Puis, lorsque le dîner fut servi, elle sortit de son gîte et vint s'asseoir sur le fauteuil qui lui était destiné.
Mais voilà que tout à coup la grenouille se changea en une jeune fille de toute beauté, aux grands yeux bleus et aux longs cheveux blonds flottant sur les épaules. Jamais il n'avait été donné au jeune savant de voir réunies autant de perfections dans une fille terrestre. L'adorable créature lui dit au bout d'un instant :
« Je suis l'une des fées de la forêt. Je t'avais bien souvent remarqué cherchant du bois mort par les taillis et les buissons, et j'avais admiré ton courage et ton ardeur au travail. Je te voulais du bien, et c'est pour cela que j'ai pris la forme d'une grenouille afin de pouvoir éprouver ton coeur. L'épreuve t'a été favorable et tu es digne de tout ce que j'ai fait pour toi et pour ta mère ; car c’est moi qui avais placé la bourse dans le bahut, c'est encore moi qui vous envoyai l'argent donné comme héritage d'un parent défunt, et c'est moi aussi qui t'ai donné l'esprit de sagesse et de science. Maintenant, j'ai une demande à te faire : je t'aime, veux-tu m'épouser ?
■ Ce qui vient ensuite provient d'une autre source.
lemma urn_den_pos:
  assumes "0 \<le> p" "p \<le> 1" "\<alpha> > -1" "k \<ge> 1"
  shows "urn_den p \<alpha> k > 0"
proof -
  define X where "X = 1 + (real k - 1) * p"
  have "(real k - 1) * p \<ge> 0" and "(real k - 1) * (1 - p) \<ge> 0"
    using assms by auto
  then have "X > 0"
    unfolding X_def by linarith
  moreover have "urn_den p \<alpha> k = (real k - 1) * (1 - p) + (1 + \<alpha>) * X"
    unfolding urn_den_def X_def by (simp add: algebra_simps)
  ultimately show ?thesis
    using assms(3) \<open>(real k - 1) * (1 - p) \<ge> 0\<close> by (simp add: add_nonneg_pos)
qed

lemma sum_urn_step_prob: "(\<Sum>oc\<in>insert None (Some ` {1..k}). urn_step_prob p \<alpha> k F oc) = 1"
proof -
  have "(\<Sum>i=1..k. urn_choose p \<alpha> k F i)
      = (1 - p) * (\<Sum>i=1..k. (real i + \<alpha>) * real (F i)) / urn_den p \<alpha> k"
    unfolding urn_choose_def by (simp add: sum_divide_distrib sum_distrib_left mult.assoc)
  moreover have "(\<Sum>oc\<in>Some ` {1..k}. urn_step_prob p \<alpha> k F oc) = (\<Sum>i=1..k. urn_choose p \<alpha> k F i)"
    by (simp add: sum.reindex urn_step_prob_def)
  ultimately show ?thesis
    by (simp add: urn_step_prob_def urn_pnext_def)
qed

lemma urn_step_prob_nonneg:
  assumes "0 \<le> p" "p \<le> 1" "\<alpha> > -1" "k \<ge> 1" "0 \<le> urn_pnext p \<alpha> k F"
  shows "0 \<le> urn_step_prob p \<alpha> k F oc"
proof (cases oc)
  case (Some i)
  have "real i + \<alpha> > 0" if "1 \<le> i"
  proof -
    have "real i \<ge> 1"
      using that by simp
    then show ?thesis
      using assms(3) by linarith
  qed
  then show ?thesis
    using Some assms urn_den_pos[OF assms(1-4)]
    by (auto simp: urn_step_prob_def urn_choose_def)
qed (use assms in \<open>simp add: urn_step_prob_def\<close>)

lemma pmf_urn_step_pmf:
  assumes "0 \<le> p" "p \<le> 1" "\<alpha> > -1" "k \<ge> 1" "0 \<le> urn_pnext p \<alpha> k F"
  shows "pmf (urn_step_pmf p \<alpha> k F) oc = urn_step_prob p \<alpha> k F oc"
proof -
  note nonneg = urn_step_prob_nonneg[OF assms]
  have "(\<integral>\<^sup>+oc. ennreal (urn_step_prob p \<alpha> k F oc) \<partial>count_space UNIV)
      = (\<Sum>oc\<in>insert None (Some ` {1..k}). ennreal (urn_step_prob p \<alpha> k F oc))"
    by (rule nn_integral_count_space') (auto simp: urn_step_prob_def split: option.splits)
  also have "\<dots> = ennreal (\<Sum>oc\<in>insert None (Some ` {1..k}). urn_step_prob p \<alpha> k F oc)"
    using nonneg by (rule sum_ennreal)
  also have "\<dots> = 1"
    by (simp only: sum_urn_step_prob ennreal_1)
  finally show ?thesis
    unfolding urn_step_pmf_eq_embed_pmf by (rule pmf_embed_pmf[OF nonneg])
qed

lemma set_urn_step_pmf:
  assumes "0 \<le> p" "p \<le> 1" "\<alpha> > -1" "k \<ge> 1" "0 \<le> urn_pnext p \<alpha> k F"
  shows "set_pmf (urn_step_pmf p \<alpha> k F) \<subseteq> insert None (Some ` {i. 1 \<le> i \<and> i \<le> k \<and> 0 < F i})"
  using pmf_urn_step_pmf[OF assms]
  by (force simp: set_pmf_eq urn_step_prob_def urn_choose_def split: option.splits if_splits)

lemma sum_urn_apply_None:
  fixes w :: "nat \<Rightarrow> real"
  assumes "finite A" and "1 \<in> A"
  shows "(\<Sum>j\<in>A. w j * real (urn_apply F None j)) = (\<Sum>j\<in>A. w j * real (F j)) + w 1"
  unfolding urn_apply_def option.case sum_fun_upd[OF assms, of "\<lambda>j v. w j * real v"]
  by (simp add: algebra_simps)

lemma sum_urn_apply_Some:
  fixes w :: "nat \<Rightarrow> real"
  assumes "finite A" and "i \<in> A" and "Suc i \<in> A" and "0 < F i"
  shows "(\<Sum>j\<in>A. w j * real (urn_apply F (Some i) j))
       = (\<Sum>j\<in>A. w j * real (F j)) - w i + w (Suc i)"
  unfolding urn_apply_def option.case sum_fun_upd[OF assms(1,3), of "\<lambda>j v. w j * real v"]
    sum_fun_upd[OF assms(1,2), of "\<lambda>j v. w j * real v"]
  using assms(4) by (simp add: of_nat_diff algebra_simps)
- Belle fée, certes, je voudrais vous prendre pour ma femme, mais nous avons dépensé notre petite fortune pour mon instruction et mes voyages, et il ne nous reste presque rien. Je ne voudrais pas vous rendre misérable.
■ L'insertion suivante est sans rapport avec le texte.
inductive_set lin_monoid :: "ratfun set" where
  one: "1 \<in> lin_monoid"
| gen: "a \<noteq> 0 \<Longrightarrow> Fract [:1, - a:] 1 \<in> lin_monoid"
| mul: "f \<in> lin_monoid \<Longrightarrow> g \<in> lin_monoid \<Longrightarrow> f * g \<in> lin_monoid"

inductive_set lin_group :: "ratfun set" where
  one: "1 \<in> lin_group"
| gen: "a \<noteq> 0 \<Longrightarrow> Fract [:1, - a:] 1 \<in> lin_group"
| mul: "f \<in> lin_group \<Longrightarrow> g \<in> lin_group \<Longrightarrow> f * g \<in> lin_group"
| inv: "f \<in> lin_group \<Longrightarrow> inverse f \<in> lin_group"

lemma lin_monoid_lin_group: "f \<in> lin_monoid \<Longrightarrow> f \<in> lin_group"
  by (induction rule: lin_monoid.induct) (auto intro: lin_group.intros)

lemma lin_group_nonzero: "f \<in> lin_group \<Longrightarrow> f \<noteq> 0"
  by (induction rule: lin_group.induct) (auto simp: lin_nonzero)

lemma lin_monoid_rscale: assumes "c \<noteq> 0" shows "f \<in> lin_monoid \<Longrightarrow> rscale c f \<in> lin_monoid"
  by (induction rule: lin_monoid.induct) (use assms in \<open>auto simp: rscale_mult rscale_lin intro: lin_monoid.intros\<close>)

lemma lin_group_rscale: assumes "c \<noteq> 0" shows "f \<in> lin_group \<Longrightarrow> rscale c f \<in> lin_group"
  by (induction rule: lin_group.induct)
    (use assms in \<open>auto simp: rscale_mult rscale_lin rscale_inverse intro: lin_group.intros\<close>)

lemma lin_monoid_power: "f \<in> lin_monoid \<Longrightarrow> f ^ m \<in> lin_monoid"
  by (induction m) (auto intro: lin_monoid.intros)

lemma lin_group_powi: assumes f: "f \<in> lin_group" shows "f powi k \<in> lin_group"
proof -
  have p: "g ^ m \<in> lin_group" if "g \<in> lin_group" for g m using that by (induction m) (auto intro: lin_group.intros)
  show ?thesis unfolding power_int_def using p[OF f] p[OF lin_group.inv[OF f]] by (simp add: power_inverse)
qed

lemma lin_monoid_prod: "(\<And>m. m \<in> S \<Longrightarrow> f m \<in> lin_monoid) \<Longrightarrow> (\<Prod>m\<in>S. f m) \<in> lin_monoid"
  by (induction S rule: infinite_finite_induct) (auto intro: lin_monoid.intros)

lemma lin_group_prod: "(\<And>m. m \<in> S \<Longrightarrow> f m \<in> lin_group) \<Longrightarrow> (\<Prod>m\<in>S. f m) \<in> lin_group"
  by (induction S rule: infinite_finite_induct) (auto intro: lin_group.intros)

text \<open>Split off the linear factor of a root \<open>z \<noteq> 0\<close> given by the fundamental theorem of algebra.\<close>

lemma poly_normalized_lin_monoid:
  fixes p :: "complex poly" assumes "poly p 0 \<noteq> 0" shows "Fract p [:poly p 0:] \<in> lin_monoid"
  using assms
proof (induction "degree p" arbitrary: p rule: less_induct)
  case less
  show ?case
  proof (cases "degree p = 0")
    case True
    then obtain c where c: "p = [:c:]" by (metis degree_eq_zeroE)
    then have "c \<noteq> 0" using less.prems by simp
    then have "Fract [:c:] [:c:] = (1 :: ratfun)" by (simp add: fract_expand(2) eq_fract)
    then show ?thesis using c lin_monoid.one by simp
  next
    case False
    then have "\<not> constant (poly p)" using constant_degree[of p] by simp
    then obtain z where z: "poly p z = 0" using fundamental_theorem_of_algebra by blast
    have z0: "z \<noteq> 0" using less.prems z by auto
    obtain p' where p': "p = [:-z, 1:] * p'" using z poly_eq_0_iff_dvd by (metis dvdE)
    have p'nz: "p' \<noteq> 0" using p' less.prems by auto
    have "degree p = degree [:-z, 1:] + degree p'" unfolding p' using p'nz by (subst degree_mult_eq) auto
    then have deg: "degree p' < degree p" by simp
    have p0: "poly p 0 = - z * poly p' 0" using p' by simp
    then have p'0: "poly p' 0 \<noteq> 0" using less.prems by auto
    have "p * [:poly p' 0:] = [:1, - (1 / z):] * p' * [:poly p 0:]"
    proof -
      have k: "[:1, - (1 / z):] * [:- z:] = [:- z, 1:]" using z0 by simp
      have k2: "[:poly p 0:] = [:- z:] * [:poly p' 0:]" unfolding p0 by simp
      have "p * [:poly p' 0:] = ([:1, - (1 / z):] * [:- z:]) * p' * [:poly p' 0:]" unfolding k p' by simp
      also have "\<dots> = [:1, - (1 / z):] * p' * [:poly p 0:]" unfolding k2 by (simp only: mult_ac)
      finally show ?thesis .
    qed
    then have "Fract p [:poly p 0:] = Fract [:1, - (1 / z):] 1 * Fract p' [:poly p' 0:]"
      using p'0 less.prems by (simp add: eq_fract)
    then show ?thesis using lin_monoid.mul[OF lin_monoid.gen less.hyps[OF deg p'0]] z0 by simp
  qed
qed

lemma ratA_lin_group: assumes "f \<in> ratA" shows "f \<in> lin_group"
proof -
  obtain p r where h: "f = Fract p r" "poly r 0 \<noteq> 0" "poly p 0 = poly r 0"
    using assms unfolding ratA_def by blast
  define c where "c = poly r 0"
  have "Fract p [:c:] \<in> lin_group" "Fract r [:c:] \<in> lin_group"
    using poly_normalized_lin_monoid[of p] poly_normalized_lin_monoid[of r] lin_monoid_lin_group h
    unfolding c_def by simp_all
  moreover have "f = Fract p [:c:] * inverse (Fract r [:c:])"
  proof -
    have "c \<noteq> 0" "r \<noteq> 0" using h unfolding c_def by auto
    then show ?thesis using h by (simp add: eq_fract mult.commute)
  qed
  ultimately show ?thesis by (metis lin_group.mul lin_group.inv)
qed

section \<open>Exponents in \<open>\<int>[t]\<close>\<close>

text \<open>\<open>qpow q p f = \<Prod>\<^sub>k f(q\<^sup>k u)\<^bsup>p\<^sub>k\<^esup>\<close> for \<open>p = \<Sum>\<^sub>k p\<^sub>k t\<^sup>k\<close>: the action of \<open>\<int>[t]\<close> on the
  multiplicative group of rational functions in which \<open>t\<close> acts by \<open>f(u) \<mapsto> f(q u)\<close>.\<close>

definition qpow :: "complex \<Rightarrow> int poly \<Rightarrow> ratfun \<Rightarrow> ratfun" where
  "qpow q p = fold_coeffs (\<lambda>a g f. f powi a * g (rscale q f)) p (\<lambda>f. 1)"

lemma qpow_0 [simp]: "qpow q 0 f = 1"
  unfolding qpow_def by simp

lemma qpow_pCons: "qpow q (pCons a p) f = f powi a * qpow q p (rscale q f)"
  by (cases "p = 0 \<and> a = 0") (auto simp: qpow_def)

lemma qpow_1 [simp]: "qpow q 1 f = f"
  using qpow_pCons[of q 1 0 f] by (simp add: one_pCons)

context
  fixes q :: complex assumes q: "q \<noteq> 0"
begin

lemma qpow_nonzero: "f \<noteq> 0 \<Longrightarrow> qpow q p f \<noteq> 0"
  by (induction p arbitrary: f rule: pCons_induct)
    (simp_all add: qpow_pCons power_int_not_zero rscale_nonzero[OF q])

lemma qpow_add: "f \<noteq> 0 \<Longrightarrow> qpow q (p + p') f = qpow q p f * qpow q p' f"
proof (induction p arbitrary: p' f rule: pCons_induct)
  case (pCons a p)
  obtain a' p'' where p': "p' = pCons a' p''" by (cases p') auto
  have "qpow q (pCons a p + p') f = f powi (a + a') * qpow q (p + p'') (rscale q f)"
    unfolding p' by (simp add: qpow_pCons)
  also have "\<dots> = (f powi a * f powi a') * (qpow q p (rscale q f) * qpow q p'' (rscale q f))"
    using pCons.IH[OF rscale_nonzero[OF q pCons.prems]] pCons.prems by (simp add: power_int_add)
  finally show ?case unfolding p' qpow_pCons by (simp add: ac_simps)
qed simp

lemma qpow_uminus: "qpow q (- p) f = inverse (qpow q p f)"
  by (induction p arbitrary: f rule: pCons_induct) (simp_all add: qpow_pCons power_int_minus)

lemma qpow_mult: "qpow q p (f * g) = qpow q p f * qpow q p g"
  by (induction p arbitrary: f g rule: pCons_induct)
    (simp_all add: qpow_pCons power_int_mult_distrib rscale_mult[OF q] ac_simps)

lemma qpow_inverse: "qpow q p (inverse f) = inverse (qpow q p f)"
  by (induction p arbitrary: f rule: pCons_induct)
    (simp_all add: qpow_pCons power_int_inverse rscale_inverse[OF q])

lemma qpow_one: "qpow q p 1 = 1"
  by (induction p rule: pCons_induct) (simp_all add: qpow_pCons q)

lemma qpow_prod: "qpow q p (\<Prod>m\<in>S. f m) = (\<Prod>m\<in>S. qpow q p (f m))"
  by (induction S rule: infinite_finite_induct) (simp_all add: qpow_one qpow_mult)

lemma qpow_rscale: "c \<noteq> 0 \<Longrightarrow> rscale c (qpow q p f) = qpow q p (rscale c f)"
proof (induction p arbitrary: f rule: pCons_induct)
  case (pCons a p)
  have "rscale c (rscale q f) = rscale q (rscale c f)" using rscale_rscale q pCons.prems by (simp add: mult.commute)
  then show ?case using pCons by (simp add: qpow_pCons rscale_mult rscale_powi)
qed simp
- Ce n'est que cela qui te retient ? Vois mon pouvoir ! »
Et la fée, saisissant une poignée de fèves placées près de là dans un sac, les changea en beaux louis tout neufs.
Le jeune savant était décidé, et, huit jours après, on célébrait ses noces dans l'église du village voisin.
Grand fut son étonnement, à son retour de la messe, de voir un château merveilleux à la place de la chaumière qu'il avait quittée le matin. C'était encore la fée, sa femme, qui, par sa puissance, avait élevé en si peu de temps le palais splendide où depuis elle vécut heureuse avec son mari pendant de longues années.